--- Dataset content Enclosed Below ---

lemma well_bicovered_joinD:
  assumes fin: "finite P" "finite Q" and loopless: "irreflp E" and join: "all_edges_between E P Q"
    and edge_P: "\<exists>x\<in>P. \<exists>y\<in>P. E x y" and edge_Q: "\<exists>x\<in>Q. \<exists>y\<in>Q. E x y"
    and wb: "well_bicovered (P \<union> Q) E"
  shows "well_covered P E \<and> well_bicovered P E \<and> well_covered Q E \<and> well_bicovered Q E \<and>
    bnum P E = bnum Q E \<and> bnum Q E = 2 * alpha P E \<and> alpha P E = alpha Q E"
proof -
  define c where "c = bnum (P \<union> Q) E"
  have card_c: "card S = c" if "maximal_bipartite_set (P \<union> Q) E S" for S
    using wb that unfolding well_bicovered_def c_def by blast
  have P: "well_bicovered P E \<and> bnum P E = c"
    using fin(1) card_c maximal_bipartite_set_join_of_side[OF join loopless] edge_P
    by (metis well_bicovered_if_constant_card)
  have Q: "well_bicovered Q E \<and> bnum Q E = c"
    using fin(2) card_c edge_Q
      maximal_bipartite_set_join_of_side[OF all_edges_between_sym[OF join] loopless]
    by (metis well_bicovered_if_constant_card Un_commute)
  have sum_c: "card I + card J = c" if "maximal_independent P E I" "maximal_independent Q E J" for I J
  proof -
    have "I \<subseteq> P" "J \<subseteq> Q" using that unfolding maximal_independent_def independent_def by blast+
    then have "card (I \<union> J) = card I + card J"
      using card_Un_of_sides fin all_edges_between_disjoint[OF loopless join] by blast
    moreover have "P \<noteq> {}" "Q \<noteq> {}" using edge_P edge_Q by blast+
    ultimately show ?thesis
      using card_c maximal_bipartite_set_join_of_independents[OF join loopless _ _ that] by simp
  qed
  obtain I J where I: "maximal_independent P E I" "card I = alpha P E"
    and J: "maximal_independent Q E J" "card J = alpha Q E"
    using maximal_independent_card_alpha fin by metis
  have sum_alpha: "alpha P E + alpha Q E = c" using sum_c[OF I(1) J(1)] I(2) J(2) by simp
  have "well_covered P E"
  proof (rule well_covered_if_constant_card[OF fin(1), THEN conjunct1])
    fix I' assume "maximal_independent P E I'"
    then show "card I' = c - alpha Q E" using sum_c[of I' J] J by linarith
  qed
  moreover have "well_covered Q E"
  proof (rule well_covered_if_constant_card[OF fin(2), THEN conjunct1])
    fix J' assume "maximal_independent Q E J'"
    then show "card J' = c - alpha P E" using sum_c[of I J'] I by linarith
  qed
  moreover have "alpha P E = alpha Q E"
    using bnum_le_twice_alpha[OF fin(1), of E] bnum_le_twice_alpha[OF fin(2), of E] P Q sum_alpha
    by linarith
  ultimately show ?thesis using P Q sum_alpha by simp
qed

lemma well_bicovered_joinI:
  assumes fin: "finite P" "finite Q" and loopless: "irreflp E" and join: "all_edges_between E P Q"
    and wc: "well_covered P E" "well_covered Q E" and wb: "well_bicovered P E" "well_bicovered Q E"
    and b_eq: "bnum Q E = bnum P E" and b_alpha: "bnum P E = alpha P E + alpha Q E"
  shows "well_bicovered (P \<union> Q) E"
proof -
  have "card S = bnum P E" if S: "maximal_bipartite_set (P \<union> Q) E S" for S
    using join S
  proof (cases rule: maximal_bipartite_set_join_cases)
    case 1
    then show ?thesis using wb(1) unfolding well_bicovered_def by blast
  next
    case 2
    then show ?thesis using wb(2) b_eq unfolding well_bicovered_def by metis
  next
    case 3
    have "S = (S \<inter> P) \<union> (S \<inter> Q)"
      using S unfolding maximal_bipartite_set_def bipartite_set_def by blast
    then have "card S = card (S \<inter> P) + card (S \<inter> Q)"
      using card_Un_of_sides fin all_edges_between_disjoint[OF loopless join] by (metis Int_lower2)
    also have "\<dots> = alpha P E + alpha Q E" using 3 wc unfolding well_covered_def by simp
    finally show ?thesis using b_alpha by simp
  qed
  then show ?thesis using fin by (intro well_bicovered_if_constant_card[THEN conjunct1]) auto
qed

theorem well_bicovered_join_iff:
  assumes "finite P" "finite Q" "irreflp E" "all_edges_between E P Q"
    "\<exists>x\<in>P. \<exists>y\<in>P. E x y" "\<exists>x\<in>Q. \<exists>y\<in>Q. E x y"
  shows "well_bicovered (P \<union> Q) E \<longleftrightarrow>
    well_covered P E \<and> well_bicovered P E \<and> well_covered Q E \<and> well_bicovered Q E \<and>
    bnum P E = bnum Q E \<and> bnum Q E = 2 * alpha P E \<and> alpha P E = alpha Q E"
  using well_bicovered_joinD[OF assms] well_bicovered_joinI[OF assms(1-4)] by auto

lemma join_E_Inl [simp]: "join_E V1 E1 V2 E2 (Inl x) (Inl y) \<longleftrightarrow> E1 x y"
  unfolding join_E_def by simp

lemma join_E_Inr [simp]: "join_E V1 E1 V2 E2 (Inr u) (Inr v) \<longleftrightarrow> E2 u v"
  unfolding join_E_def by simp

lemma join_V_eq: "join_V V1 V2 = Inl ` V1 \<union> Inr ` V2"
  unfolding join_V_def Plus_def ..

lemma irreflp_join_E:
  assumes "irreflp E1" "irreflp E2"
  shows "irreflp (join_E V1 E1 V2 E2)"
proof (rule irreflpI)
  fix u show "\<not> join_E V1 E1 V2 E2 u u" using assms by (cases u) (simp_all add: irreflpD)
qed

lemma all_edges_between_join_E: "all_edges_between (join_E V1 E1 V2 E2) (Inl ` V1) (Inr ` V2)"
  unfolding all_edges_between_def join_E_def by auto

lemma graph_irreflp: "graph V E \<Longrightarrow> irreflp E"
  unfolding graph_def by (blast intro: irreflpI)

lemma graph_has_edge_in: "graph V E \<Longrightarrow> has_edge E \<Longrightarrow> \<exists>x\<in>V. \<exists>y\<in>V. E x y"
  unfolding graph_def has_edge_def by blast

theorem mainTheorem2:
  fixes V1 :: "'a set" and E1 :: "'a \<Rightarrow> 'a \<Rightarrow> bool"
    and V2 :: "'b set" and E2 :: "'b \<Rightarrow> 'b \<Rightarrow> bool"
  assumes "graph V1 E1" and "graph V2 E2"
    and "has_edge E1" and "has_edge E2"
  shows "well_bicovered (join_V V1 V2) (join_E V1 E1 V2 E2) \<longleftrightarrow>
           (well_covered V1 E1 \<and> well_bicovered V1 E1 \<and>
            well_covered V2 E2 \<and> well_bicovered V2 E2 \<and>
            bnum V1 E1 = bnum V2 E2 \<and>
            bnum V2 E2 = 2 * alpha V1 E1 \<and>
            2 * alpha V1 E1 = 2 * alpha V2 E2)"
proof -
  let ?E = "join_E V1 E1 V2 E2"
  interpret left: induced_embedding Inl E1 ?E by unfold_locales simp_all
  interpret right: induced_embedding Inr E2 ?E by unfold_locales simp_all
  have "finite (Inl ` V1)" "finite (Inr ` V2)" using assms(1,2) unfolding graph_def by simp_all
  moreover have "irreflp ?E"
    using irreflp_join_E[OF graph_irreflp[OF assms(1)] graph_irreflp[OF assms(2)]] .
  moreover have "\<exists>x\<in>Inl ` V1. \<exists>y\<in>Inl ` V1. ?E x y"
    using graph_has_edge_in[OF assms(1,3)] by auto
  moreover have "\<exists>x\<in>Inr ` V2. \<exists>y\<in>Inr ` V2. ?E x y"
    using graph_has_edge_in[OF assms(2,4)] by auto
  ultimately have "well_bicovered (join_V V1 V2) ?E \<longleftrightarrow>
    well_covered (Inl ` V1) ?E \<and> well_bicovered (Inl ` V1) ?E \<and>
    well_covered (Inr ` V2) ?E \<and> well_bicovered (Inr ` V2) ?E \<and>
    bnum (Inl ` V1) ?E = bnum (Inr ` V2) ?E \<and> bnum (Inr ` V2) ?E = 2 * alpha (Inl ` V1) ?E \<and>
    alpha (Inl ` V1) ?E = alpha (Inr ` V2) ?E"
    unfolding join_V_eq by (intro well_bicovered_join_iff all_edges_between_join_E)
  then show ?thesis
    by (simp only: left.well_covered_image_iff left.well_bicovered_image_iff left.bnum_image
        left.alpha_image right.well_covered_image_iff right.well_bicovered_image_iff
        right.bnum_image right.alpha_image) simp
qed

end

--- End of Enclosed Dataset content ---

▸ **Task instructions**: Lines in the data above may contain the word "thesis"; count them and give only the number.

▸ **Exercise answer**: 7